text \<open>The powers of two below \<open>y\<close> sum to at most \<open>2y\<close> (induction carries the
  bound \<open>2\<^sup>K - 1\<close> for the truncated sum as well).\<close>
lemma geometric_indicator_sum_le:
  fixes y :: real assumes "y \<ge> 0"
  shows "(\<Sum>j<K. if 2^j < y then (2::real)^j else 0) \<le> 2*y"
proof -
  have "(\<Sum>j<K. if 2^j < y then (2::real)^j else 0) \<le> 2*y
      \<and> (\<Sum>j<K. if 2^j < y then (2::real)^j else 0) \<le> 2^K - 1"
  proof (induction K)
    case 0 thus ?case using assms by simp
  next
    case (Suc K)
    thus ?case
      by (cases "2^K < y") (auto simp: le_diff_eq, smt (verit) one_le_power)
  qed
  thus ?thesis by simp
qed

lemma dyadic_weight_sum_le:
  fixes y d :: real assumes y: "y \<ge> 0" and d: "d > 0"
  shows "(\<Sum>j<K. if 2^j < y then (2::real)^j * (real j + 1) powr d else 0)
     \<le> 2 * (2 / ln 2) powr d * (y * ln (1 + y) powr d)"
proof (cases "y \<le> 1")
  case True
  have "\<not> (2::real)^j < y" for j :: nat using True one_le_power[of "2::real" j] by linarith
  thus ?thesis using y by simp
next
  case False
  hence y1: "y > 1" by simp
  define R where "R = (log 2 y + 1) powr d"
  have termwise: "(if 2^j < y then (2::real)^j * (real j + 1) powr d else 0)
      \<le> R * (if 2^j < y then (2::real)^j else 0)" for j
  proof (cases "2^j < y")
    case True
    have "real j = log 2 (2^j)" by (simp add: log_nat_power)
    also have "\<dots> < log 2 y" using True y1 by (subst log_less_cancel_iff) auto
    finally have "(real j + 1) powr d \<le> R" unfolding R_def using d by (intro powr_mono2) auto
    thus ?thesis using True by simp
  qed (simp add: R_def)
  have "(\<Sum>j<K. if 2^j < y then (2::real)^j * (real j + 1) powr d else 0)
      \<le> R * (\<Sum>j<K. if 2^j < y then (2::real)^j else 0)"
    using sum_mono[OF termwise] by (simp add: sum_distrib_left)
  also have "\<dots> \<le> R * (2*y)"
    using geometric_indicator_sum_le[OF y, of K] by (intro mult_left_mono) (auto simp: R_def)
  also have "R \<le> (2 / ln 2) powr d * ln (1 + y) powr d"
  proof -
    have "ln y \<le> ln (1+y)" using y1 by simp
    hence "log 2 y \<le> ln (1+y) / ln 2" by (simp add: log_def divide_right_mono)
    moreover have "1 \<le> ln (1+y) / ln 2" using y1 by simp
    moreover have "2 / ln 2 * ln (1 + y) = ln (1+y) / ln 2 + ln (1+y) / ln 2" by simp
    ultimately have "log 2 y + 1 \<le> 2 / ln 2 * ln (1 + y)" by linarith
    moreover have "0 \<le> log 2 y + 1" using y1 by simp
    ultimately have "R \<le> (2 / ln 2 * ln (1 + y)) powr d" unfolding R_def using d by (intro powr_mono2) auto
    also have "\<dots> = (2 / ln 2) powr d * ln (1 + y) powr d" using y1 by (subst powr_mult) auto
    finally show ?thesis .
  qed
  hence "R * (2*y) \<le> (2 / ln 2) powr d * ln (1 + y) powr d * (2*y)"
    using y by (intro mult_right_mono) auto
  finally show ?thesis by (simp add: mult_ac)
qed

lemma summable_entropy_series:
  fixes q :: "nat \<Rightarrow> real" and d :: real
  assumes q: "\<And>j. q j \<ge> 0" and d: "d > 0" and weighted: "summable (\<lambda>j. q j * (real j + 1) powr d)"
  shows "summable (\<lambda>j. q j * (3 + max 0 (- log 2 (q j))))"
proof (rule summable_comparison_test')
  define B where "B j = (3 + 3 / (d * ln 2)) * (q j * (real j + 1) powr d)
      + 2 / ln 2 * real (Suc j) powr (-3/2)" for j
  have "summable (\<lambda>j. real (Suc j) powr (-3/2))"
    using summable_real_powr_iff[of "-3/2"] by (subst summable_Suc_iff) simp
  thus "summable B" unfolding B_def by (intro summable_add summable_mult weighted)
  fix j :: nat
  have "q j * 1 \<le> q j * (real j + 1) powr d"
    using d by (intro mult_left_mono q ge_one_powr_ge_zero) auto
  moreover have "q j * max 0 (- log 2 (q j))
      \<le> 3 / (d * ln 2) * (q j * (real j + 1) powr d) + 2 / ln 2 * (real j + 1) powr (-3/2)"
    by (rule entropy_bound[OF q d])
  ultimately have "q j * (3 + max 0 (- log 2 (q j)))
      \<le> 3 * (q j * (real j + 1) powr d) + (3 / (d * ln 2) * (q j * (real j + 1) powr d)
         + 2 / ln 2 * (real j + 1) powr (-3/2))"
    by (simp add: distrib_left)
  also have "\<dots> = B j" unfolding B_def by (simp add: algebra_simps)
  finally show "norm (q j * (3 + max 0 (- log 2 (q j)))) \<le> B j" using q[of j] by simp
qed

lemma summable_dyadic_min_sums:
  fixes q :: "nat \<Rightarrow> real"
  assumes q: "\<And>j. q j \<ge> 0" and rows: "summable (\<lambda>j. q j * (3 + max 0 (- log 2 (q j))))"
  shows "summable (\<lambda>k. \<Sum>j<Suc k. min (q j) (2^j * (1/2)^k))"
proof (rule summableI_nonneg_bounded)
  define a where "a j k = min (q j) (2^j * (1/2)^k)" for j k :: nat
  show "0 \<le> (\<Sum>j<Suc k. min (q j) (2^j * (1/2)^k))" for k using q by (simp add: sum_nonneg)
  fix K :: nat
  have "(\<Sum>k<K. \<Sum>j<Suc k. a j k) = (\<Sum>k<K. \<Sum>j<K. if j \<le> k then a j k else 0)"
  proof (rule sum.cong[OF refl])
    fix k assume k: "k \<in> {..<K}"
    have "(\<Sum>j<K. if j \<le> k then a j k else 0) = (\<Sum>j\<in>{j \<in> {..<K}. j \<le> k}. a j k)"
      by (rule sum.inter_filter[symmetric]) simp
    also have "{j \<in> {..<K}. j \<le> k} = {..<Suc k}" using k by auto
    finally show "(\<Sum>j<Suc k. a j k) = (\<Sum>j<K. if j \<le> k then a j k else 0)" by (rule sym)
  qed
  also have "\<dots> = (\<Sum>j<K. \<Sum>k<K. if j \<le> k then a j k else 0)" by (rule sum.swap)
  also have "\<dots> \<le> (\<Sum>j<K. q j * (3 + max 0 (- log 2 (q j))))"
    unfolding a_def by (intro sum_mono min_geometric_sum_bound q)
  also have "\<dots> \<le> (\<Sum>j. q j * (3 + max 0 (- log 2 (q j))))"
    using q by (intro sum_le_suminf rows) auto
  finally show "(\<Sum>k<K. \<Sum>j<Suc k. min (q j) (2^j * (1/2)^k)) \<le> (\<Sum>j. q j * (3 + max 0 (- log 2 (q j))))"
    unfolding a_def .
qed

text \<open>Grouping \<open>1 \<le> N < 2\<^sup>m\<close> into the dyadic blocks \<open>[2\<^sup>k, 2\<^sup>k\<^sup>+\<^sup>1)\<close>, on which
  \<open>floor_log N = k\<close>.\<close>
lemma sum_floor_log_condense: "(\<Sum>N=1..<2^m. h (floor_log N)) = (\<Sum>k<m. 2^k * (h k :: real))"
proof (induction m)
  case (Suc m)
  have "{1..<2^Suc m} = {1..<2^m} \<union> {2^m..<(2^Suc m :: nat)}" by auto
  also have "(\<Sum>N\<in>\<dots>. h (floor_log N)) = (\<Sum>k<m. 2^k * h k) + (\<Sum>N = 2^m..<2^Suc m. h (floor_log N))"
    by (subst sum.union_disjoint) (insert Suc, auto)
  also have "(\<Sum>N = 2^m..<2^Suc m. h (floor_log N)) = (\<Sum>(_::nat) = 2^m..<2^Suc m. h m)"
    by (intro sum.cong refl) (auto intro!: arg_cong[where f=h] floor_log_eqI)
  finally show ?case by simp
qed simp

lemma summable_by_dyadic_condensation:
  fixes T D :: "nat \<Rightarrow> real"
  assumes T: "\<And>n. 0 \<le> T n" "\<And>n. T n \<le> (1/2)^floor_log (Suc n) * D (floor_log (Suc n))"
    and D: "\<And>k. 0 \<le> D k" "summable D"
  shows "summable T"
proof (rule summableI_nonneg_bounded)
  define f where "f N = (1/2::real)^floor_log N * D (floor_log N)" for N
  show "0 \<le> T n" for n by (rule T)
  fix m
  have "(\<Sum>n<m. T n) \<le> (\<Sum>n<m. f (Suc n))" unfolding f_def using T by (intro sum_mono) simp
  also have "\<dots> = (\<Sum>N=1..<Suc m. f N)"
    using sum.shift_bounds_Suc_ivl[of f 0 m] by (simp add: atLeast0LessThan)
  also have "\<dots> \<le> (\<Sum>N=1..<2^m. f N)"
    using D(1) less_exp[of m] unfolding f_def by (intro sum_mono2) (auto simp: Suc_le_eq)
  also have "\<dots> = (\<Sum>k<m. D k)"
    unfolding f_def sum_floor_log_condense[of "\<lambda>k. (1/2)^k * D k"] by (simp add: power_one_over)
  also have "\<dots> \<le> suminf D" using D by (intro sum_le_suminf) auto
  finally show "(\<Sum>n<m. T n) \<le> suminf D" .
qed

section \<open>Integrals of a decreasing function against a dyadic step function\<close>

text \<open>For a function \<open>F\<close> on the reals and a scale \<open>k\<close>, the quantity
  \<open>D\<^sub>k = 2\<^sup>-\<^sup>k + \<Sum>\<^sub>j\<^sub>\<le>\<^sub>k min(2\<^sup>j F(2\<^sup>j), 2\<^sup>j\<^sup>-\<^sup>k)\<close> is the integral of the step function
  equal to \<open>2\<^sup>-\<^sup>k\<close> on \<open>(0,1)\<close> and to \<open>min(F(2\<^sup>j), 2\<^sup>-\<^sup>k)\<close> on \<open>[2\<^sup>j, 2\<^sup>j\<^sup>+\<^sup>1)\<close>.\<close>
definition dyadic_bound :: "(real \<Rightarrow> real) \<Rightarrow> nat \<Rightarrow> real" where
  "dyadic_bound F k = (1/2)^k + (\<Sum>j<Suc k. min (2^j * F (2^j)) (2^j * (1/2)^k))"

definition dyadic_step :: "(real \<Rightarrow> real) \<Rightarrow> nat \<Rightarrow> real \<Rightarrow> real" where
  "dyadic_step F k t = (1/2)^k * indicator {0<..<1} t
     + (\<Sum>j<Suc k. min (F (2^j)) ((1/2)^k) * indicator {2^j..<2^Suc j} t)"

lemma has_bochner_integral_dyadic_step:
  "has_bochner_integral lborel (dyadic_step F k) (dyadic_bound F k)"
proof -
  have "has_bochner_integral lborel (dyadic_step F k)
     ((1/2)^k * measure lborel {0<..<1::real}
      + (\<Sum>j<Suc k. min (F (2^j)) ((1/2)^k) * measure lborel {2^j..<2^Suc j::real}))"
    unfolding dyadic_step_def[abs_def]
    by (intro has_bochner_integral_add has_bochner_integral_sum has_bochner_integral_mult_right
        has_bochner_integral_real_indicator) auto
  also have "(1/2)^k * measure lborel {0<..<1::real}
      + (\<Sum>j<Suc k. min (F (2^j)) ((1/2)^k) * measure lborel {2^j..<2^Suc j::real}) = dyadic_bound F k"
    unfolding dyadic_bound_def
    by (intro arg_cong2[where f="(+)"] sum.cong) (auto simp: min_def mult.commute)
  finally show ?thesis .
qed

lemma dyadic_bound_nonneg: "(\<And>t. 0 \<le> F t) \<Longrightarrow> 0 \<le> dyadic_bound F k"
  unfolding dyadic_bound_def by (intro add_nonneg_nonneg sum_nonneg) auto

lemma dyadic_block_exists:
  fixes t :: real assumes "1 \<le> t"
  obtains j :: nat where "2^j \<le> t" "t < 2^Suc j"
proof
  define m where "m = nat \<lfloor>t\<rfloor>"
  have m: "1 \<le> m" "real m \<le> t" "t < real m + 1" unfolding m_def using assms by linarith+
  have "2^floor_log m \<le> m" using m(1) by (intro floor_log_exp2_le) simp
  hence "real (2^floor_log m) \<le> real m" by (simp only: of_nat_le_iff)
  hence "(2::real)^floor_log m \<le> real m" by (simp only: of_nat_power of_nat_numeral)
  thus "2^floor_log m \<le> t" using m(2) by linarith
  have "m + 1 \<le> 2^Suc (floor_log m)" using floor_log_exp2_gt[of m] by simp
  hence "real (m + 1) \<le> real (2^Suc (floor_log m))" by (simp only: of_nat_le_iff)
  hence "real m + 1 \<le> (2::real)^Suc (floor_log m)" by (simp only: of_nat_power of_nat_numeral of_nat_add of_nat_1)
  thus "t < 2^Suc (floor_log m)" using m(3) by linarith
qed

■ Instructions to follow: Across the records above, return every line that contains the word "text".

■ Expected answer:
text \<open>The powers of two below \<open>y\<close> sum to at most \<open>2y\<close> (induction carries the
text \<open>Grouping \<open>1 \<le> N < 2\<^sup>m\<close> into the dyadic blocks \<open>[2\<^sup>k, 2\<^sup>k\<^sup>+\<^sup>1)\<close>, on which
text \<open>For a function \<open>F\<close> on the reals and a scale \<open>k\<close>, the quantity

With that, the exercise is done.